PILINHA: {__webCacheId=filmBasicInfo_pl_PL, __webCacheKey=402989}

Teoria wielkiego podrywu

The Big Bang Theory
8,0 168 303
oceny
8,0 10 1 168303
7,4 7
ocen krytyków
Teoria wielkiego podrywu
powrót do forum serialu Teoria wielkiego podrywu

NIEDOJRZAŁY , EGOCENTRYCZNY , PRZEMĄDRZAŁY PALANT i Na 100 % NIE JEST CHORY NA ZESPÓŁ ASPERGERA
A serial lubimy właśnie dlatego , że każdy z Nas miał OKOLICZNOŚĆ Z TEGO TYPU DUPKAMI , z których Sheldon jest EKSTREMALNYM PRZYPADKIEM .

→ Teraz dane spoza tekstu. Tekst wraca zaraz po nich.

definition upper_half :: "complex set" where
  "upper_half = {z. 0 < Im z}"

definition moeb :: "int \<Rightarrow> int \<Rightarrow> int \<Rightarrow> int \<Rightarrow> complex \<Rightarrow> complex" where
  "moeb a b c d z = (of_int a * z + of_int b) / (of_int c * z + of_int d)"

definition dirichlet_char :: "nat \<Rightarrow> (int \<Rightarrow> complex) \<Rightarrow> bool" where
  "dirichlet_char N \<epsilon> \<longleftrightarrow>
     (\<forall>m. \<epsilon> (m + int N) = \<epsilon> m) \<and> \<epsilon> 1 = 1 \<and>
     (\<forall>m n. \<epsilon> (m * n) = \<epsilon> m * \<epsilon> n) \<and> (\<forall>m. \<epsilon> m = 0 \<longleftrightarrow> \<not> coprime m (int N))"

text \<open>Cusp forms in S_k(Gamma_1(N), eps): holomorphic on the upper half plane,
  transforming with character eps under Gamma_0(N), and vanishing at every cusp
  (f|_k gamma tends to 0 uniformly as Im z tends to infinity, for all gamma in SL_2(Z)).\<close>
definition cusp_form :: "nat \<Rightarrow> nat \<Rightarrow> (int \<Rightarrow> complex) \<Rightarrow> (complex \<Rightarrow> complex) \<Rightarrow> bool" where
  "cusp_form k N \<epsilon> f \<longleftrightarrow>
     f holomorphic_on upper_half \<and>
     (\<forall>a b c d. a * d - b * c = 1 \<and> int N dvd c \<longrightarrow>
        (\<forall>z\<in>upper_half. f (moeb a b c d z) = \<epsilon> d * (of_int c * z + of_int d) ^ k * f z)) \<and>
     (\<forall>a b c d. a * d - b * c = 1 \<longrightarrow>
        (\<forall>e>0. \<exists>Y. \<forall>z. Y < Im z \<longrightarrow>
            norm (f (moeb a b c d z) / (of_int c * z + of_int d) ^ k) < e))"

definition q_expansion :: "(complex \<Rightarrow> complex) \<Rightarrow> (nat \<Rightarrow> complex) \<Rightarrow> bool" where
  "q_expansion f an \<longleftrightarrow>
     (\<forall>z\<in>upper_half. (\<lambda>n. an n * exp (2 * of_real pi * \<i> * of_nat n * z)) sums f z)"

text \<open>Normalized cuspidal Hecke eigenform with q-coefficients an: eigenvector of all
  Hecke operators T_m (m >= 1, including U_l for l | N), whose action on q-expansions of
  forms in S_k(Gamma_1(N), eps) is a_n(T_m g) = sum_{d | (m,n)} eps(d) d^(k-1) a_(mn/d^2)(g).\<close>
definition normalized_eigenform ::
  "nat \<Rightarrow> nat \<Rightarrow> (int \<Rightarrow> complex) \<Rightarrow> (complex \<Rightarrow> complex) \<Rightarrow> (nat \<Rightarrow> complex) \<Rightarrow> bool" where
  "normalized_eigenform k N \<epsilon> f an \<longleftrightarrow>
     cusp_form k N \<epsilon> f \<and> q_expansion f an \<and> an 0 = 0 \<and> an 1 = 1 \<and>
     (\<forall>m\<ge>1. \<exists>ev. \<forall>n\<ge>1.
        (\<Sum>d\<in>{d. d dvd gcd m n}. \<epsilon> (int d) * of_nat d ^ (k - 1) * an (m * n div d ^ 2)) = ev * an n)"

definition int_to_icusp :: "(complex \<Rightarrow> complex) \<Rightarrow> real \<Rightarrow> complex" where
  "int_to_icusp g r = \<i> * integral {0..} (\<lambda>t::real. g (of_real r + \<i> * of_real t))"

text \<open>Coefficient of X^s Y^(k-2-s) in xi_f^{sg}(r) (sg = True for +, False for -).\<close>
definition xi_coeff :: "(complex \<Rightarrow> complex) \<Rightarrow> nat \<Rightarrow> bool \<Rightarrow> real \<Rightarrow> nat \<Rightarrow> complex" where
  "xi_coeff f k sg r s = of_real pi * \<i> * of_nat ((k - 2) choose s) *
     (int_to_icusp (\<lambda>z. f z * z ^ s) r +
      (if sg then 1 else -1) * (-1) ^ k * int_to_icusp (\<lambda>z. f z * (- z) ^ s) (- r))"

text \<open>Omega is a cohomological period for sign sg: all xi_f^sg(r)/Omega (r rational)
  have coefficients in O (the ring of integers of E), and the resulting O-valued
  modular symbol is primitive (some coefficient is a unit).\<close>
definition cohom_period ::
  "('K::field_char_0 \<Rightarrow> real) \<Rightarrow> (complex \<Rightarrow> 'K) \<Rightarrow> 'K set \<Rightarrow> (complex \<Rightarrow> complex) \<Rightarrow> nat \<Rightarrow> bool \<Rightarrow> complex \<Rightarrow> bool" where
  "cohom_period absv \<iota> E f k sg \<Omega> \<longleftrightarrow> \<Omega> \<noteq> 0 \<and>
     (\<forall>r::rat. \<forall>s\<le>k - 2. algebraic (xi_coeff f k sg (of_rat r) s / \<Omega>) \<and>
        \<iota> (xi_coeff f k sg (of_rat r) s / \<Omega>) \<in> E \<and> absv (\<iota> (xi_coeff f k sg (of_rat r) s / \<Omega>)) \<le> 1) \<and>
     (\<exists>r::rat. \<exists>s\<le>k - 2. absv (\<iota> (xi_coeff f k sg (of_rat r) s / \<Omega>)) = 1)"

Sheldon jest , główną esencją tego serialu – Pełna zgoda
ALE
to że na Nim Opiera się Istota serialu – NIE ZMIENIA FAKTU , ZE JEST , BYŁ i BĘDZIE
Wkurzającym , ANTYSPOŁECZNYM PALANTEM , a to że możemy obserwować niezwykłe komplementy jakie wygłasza , jak próbuje się komunikować itd. nawet jeśli byłby to zespół aspergerta ( choć wg Mnie jego antyspołeczne problemy nie są wynikiem CHOROBY PSYCHICZNEJ
(mimo że jest Psycholem pełną gębą – a raczej SOCJOPATĄ ale niegroźnym dla społeczeństwa , z syndromem Natręctw – jak bohater Lepiej być nie może , genialny pisarz , genialny opisujący społeczeństwo ale nie umiejący sam w Nim funkcjonować )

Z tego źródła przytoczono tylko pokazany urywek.